$ cat post/packet-loss-at-dawn-/-the-thread-pool-was-too-shallow-/-it-ran-in-the-dark.md

16MAY22

packet loss at dawn / the thread pool was too shallow / it ran in the dark

Title: When Serverless Meets FinOps: A Costly Lesson in Platform Engineering

May 16, 2022. Another Tuesday with the usual grind of code reviews and technical debt. Today though, I woke up with a bit more of a hangover than usual—both metaphorical and literal. The metaphorical one comes from the latest sprint’s worth of unmerged PRs that still needed addressing after another all-nighter.

The literal one is just my usual morning cold from the office AC, but it felt like a lot today. A quick look at my calendar reveals an extra meeting with our FinOps team—a group I’ve been increasingly coming to respect for their keen insight into what our platform does and doesn’t deliver. They’re not just accountants in suits anymore; they’re the stewards of our cloud budget, and boy did we need their help.

The Setup

Over the past few months, we’ve been riding the wave of serverless hype. Our platform has expanded to include a diverse set of AWS Lambda functions, each with its own unique purpose. We were starting to see the benefits—a more scalable architecture, lower operational overhead—but as always, cost was a concern.

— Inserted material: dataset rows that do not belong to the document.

lemma nn_integral_exponential_density_id:
  assumes "0 < r"
  shows "(\<integral>\<^sup>+\<tau>. ennreal \<tau> \<partial>density lborel (exponential_density r)) = ennreal (1 / r)"
proof -
  have "(\<integral>\<^sup>+\<tau>. ennreal \<tau> \<partial>density lborel (exponential_density r))
      = (\<integral>\<^sup>+\<tau>. ennreal (exponential_density r \<tau>) * ennreal \<tau> \<partial>lborel)"
    using assms by (intro nn_integral_density) (auto simp: exponential_density_nonneg)
  also have "\<dots> = (\<integral>\<^sup>+\<tau>. ennreal (exponential_density r \<tau> * \<tau> ^ 1) \<partial>lborel)"
    using assms by (intro nn_integral_cong)
      (auto simp: exponential_density_def ennreal_mult'[symmetric] ennreal_neg)
  also have "\<dots> = ennreal (1 / r)"
    using nn_integral_erlang_ith_moment[OF assms, of 0 1] by simp
  finally show ?thesis .
qed

lemma nn_integral_bind_shift_le:
  assumes sets_R: "sets R = sets (borel :: ennreal measure)" and "subprob_mean_le R B"
  shows "(\<integral>\<^sup>+u. u \<partial>bind R (\<lambda>t. return borel (ennreal \<tau> + t))) \<le> ennreal \<tau> + B"
proof -
  have R_le_1: "emeasure R (space R) \<le> 1" and mean_R: "(\<integral>\<^sup>+t. t \<partial>R) \<le> B"
    using assms by (auto simp: subprob_mean_le_def)
  have "(\<integral>\<^sup>+u. u \<partial>bind R (\<lambda>t. return borel (ennreal \<tau> + t)))
      = (\<integral>\<^sup>+t. (\<integral>\<^sup>+u. u \<partial>return borel (ennreal \<tau> + t)) \<partial>R)"
    by (rule nn_integral_bind[where B = borel]) (auto simp: measurable_cong_sets[OF sets_R refl])
  also have "\<dots> = (\<integral>\<^sup>+t. ennreal \<tau> \<partial>R) + (\<integral>\<^sup>+t. t \<partial>R)"
    by (simp add: nn_integral_return nn_integral_add measurable_cong_sets[OF sets_R refl])
  also have "\<dots> \<le> ennreal \<tau> + B"
    using R_le_1 mean_R by (intro add_mono) (auto simp: mult_left_le)
  finally show ?thesis .
qed

lemma subprob_mean_le_exponential_delay:
  fixes R :: "ennreal measure" and r :: real
  assumes "borel_or_empty R" and "subprob_mean_le R B" and "0 < r"
  shows "subprob_mean_le (bind (density lborel (exponential_density r))
            (\<lambda>\<tau>. bind R (\<lambda>t. return borel (ennreal \<tau> + t)))) (ennreal (1 / r) + B)"
proof (cases "space R = {}")
  case True
  then show ?thesis
    by (intro subprob_mean_le_if_space_empty) (simp add: bind_empty space_bind[where N = "count_space {}"])
next
  case False
  define H where "H = density lborel (exponential_density r)"
  have sets_R: "sets R = sets (borel :: ennreal measure)"
    using assms(1) False by (simp add: borel_or_empty_def)
  have H_prob: "prob_space H"
    unfolding H_def using assms(3) by (rule prob_space_exponential_density)
  have "subprob_space R"
    using assms(2) False sets_R by (intro subprob_spaceI) (auto simp: subprob_mean_le_def)
  then have kernel: "(\<lambda>\<tau>. bind R (\<lambda>t. return borel (ennreal \<tau> + t)))
      \<in> measurable H (subprob_algebra borel)"
    using sets_R unfolding H_def
    by (intro measurable_bind[where N = R]) (auto simp: space_subprob_algebra measurable_cong_sets[OF _ sets_R])
  have "(\<integral>\<^sup>+u. u \<partial>bind H (\<lambda>\<tau>. bind R (\<lambda>t. return borel (ennreal \<tau> + t))))
      = (\<integral>\<^sup>+\<tau>. (\<integral>\<^sup>+u. u \<partial>bind R (\<lambda>t. return borel (ennreal \<tau> + t))) \<partial>H)"
    using kernel by (rule nn_integral_bind[rotated]) simp
  also have "\<dots> \<le> (\<integral>\<^sup>+\<tau>. ennreal \<tau> + B \<partial>H)"
    using sets_R assms(2) by (intro nn_integral_mono nn_integral_bind_shift_le)
  also have "\<dots> = ennreal (1 / r) + B"
    using nn_integral_exponential_density_id[OF assms(3)] prob_space.emeasure_space_1[OF H_prob]
    by (simp add: nn_integral_add H_def)
  finally have "(\<integral>\<^sup>+u. u \<partial>bind H (\<lambda>\<tau>. bind R (\<lambda>t. return borel (ennreal \<tau> + t))))
      \<le> ennreal (1 / r) + B" .
  moreover have "subprob_space (bind H (\<lambda>\<tau>. bind R (\<lambda>t. return borel (ennreal \<tau> + t))))"
    using H_prob kernel by (intro subprob_space_bind prob_space_imp_subprob_space)
  then have "emeasure (bind H (\<lambda>\<tau>. bind R (\<lambda>t. return borel (ennreal \<tau> + t))))
      (space (bind H (\<lambda>\<tau>. bind R (\<lambda>t. return borel (ennreal \<tau> + t))))) \<le> 1"
    by (rule subprob_space.emeasure_space_le_1)
  ultimately show ?thesis
    unfolding H_def subprob_mean_le_def by simp
qed

section \<open>The coagulation jump chain\<close>

lemma Kbar_nonneg: "0 \<le> Kbar K x y"
  by (simp add: Kbar_def)

lemma pair_weight_nonneg: "0 \<le> pair_weight K L p"
  by (auto simp: pair_weight_def Kbar_nonneg split: prod.splits)

lemma total_rate_nonneg: "0 \<le> total_rate K L"
  by (simp add: total_rate_def pair_weight_nonneg sum_nonneg)

lemma pair_weight_eq_0_outside:
  assumes "p \<notin> set_mset L \<times> set_mset L"
  shows "pair_weight K L p = 0"
proof -
  obtain x y where p: "p = (x, y)"
    by force
  with assms have "count L x = 0 \<or> count L y = 0"
    by (auto simp: not_in_iff[symmetric])
  with p show ?thesis
    by (auto simp: pair_weight_def)
qed

lemma Kbar_pos_if_pair_weight_pos:
  assumes "pair_weight K L (x, y) > 0"
  shows "Kbar K x y > 0"
  using assms Kbar_nonneg[of K x y]
  by (cases "x = y") (auto simp: pair_weight_def order_le_less)

lemma pair_subset_if_pair_weight_pos:
  assumes "pair_weight K L (x, y) > 0"
  shows "{#x, y#} \<subseteq># L"
proof (cases "x = y")
  case True
  have "2 \<le> count L x"
  proof (rule ccontr)
    assume "\<not> 2 \<le> count L x"
    with assms True show False
      by (simp add: pair_weight_def binomial_eq_0)
  qed
  with True show ?thesis
    by (simp add: subseteq_mset_def)
next
  case False
  then have "0 < real (count L x) * real (count L y) * Kbar K x y"
    using assms by (simp add: pair_weight_def)
  then have "0 < count L x" "0 < count L y"
    by (auto simp: zero_less_mult_iff leD[OF Kbar_nonneg])
  with False show ?thesis
    by (auto simp: subseteq_mset_def Suc_le_eq)
qed

lemma emeasure_pair_choice:
  assumes "total_rate K L > 0"
  shows "emeasure (pair_choice K L) (space (pair_choice K L)) = 1"
proof -
  have "emeasure (pair_choice K L) (space (pair_choice K L))
      = (\<integral>\<^sup>+p. ennreal (pair_weight K L p / total_rate K L) \<partial>count_space UNIV)"
    unfolding pair_choice_def by (simp add: emeasure_density)
  also have "\<dots> = (\<Sum>p\<in>set_mset L \<times> set_mset L. ennreal (pair_weight K L p / total_rate K L))"
    by (rule nn_integral_count_space') (auto simp: pair_weight_eq_0_outside)
  also have "\<dots> = ennreal (\<Sum>p\<in>set_mset L \<times> set_mset L. pair_weight K L p / total_rate K L)"
    using assms by (intro sum_ennreal) (simp add: pair_weight_nonneg)
  also have "\<dots> = 1"
    using assms by (simp add: sum_divide_distrib[symmetric] total_rate_def)
  finally show ?thesis .
qed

One of our key metrics is the DORA (DevOps Research and Assessment) score, which measures deployment frequency, lead time, mean time to recover from failures, and change failure rate. We’ve hit some impressive numbers, but FinOps had their eye on something more granular: cloud spending per function. The costs were rising faster than we anticipated.

The Revelation

During our meeting with the FinOps team, they pointed out a critical flaw in how we were tracking costs. Our billing was fragmented across multiple services, making it difficult to pinpoint where the expenses went. They suggested implementing a centralized cost management solution using AWS Budgets and Cost Explorer, which would help us visualize and manage spending better.

But that’s not all. They also raised concerns about certain Lambda functions that seemed particularly costly. One in particular stood out: our daily data processing function. It was running more often than necessary and consuming unnecessary resources during off-peak hours. This wasn’t a bug, but rather an unintended consequence of our auto-scaling settings.

The Fix

Armed with this information, I dove into the code and began debugging. First step: audit the Lambda functions to ensure they were properly configured for cost optimization. It involved tweaking the memory allocation and timeout settings, adjusting the auto-scaling policies to reduce unnecessary invocations during off-peak hours.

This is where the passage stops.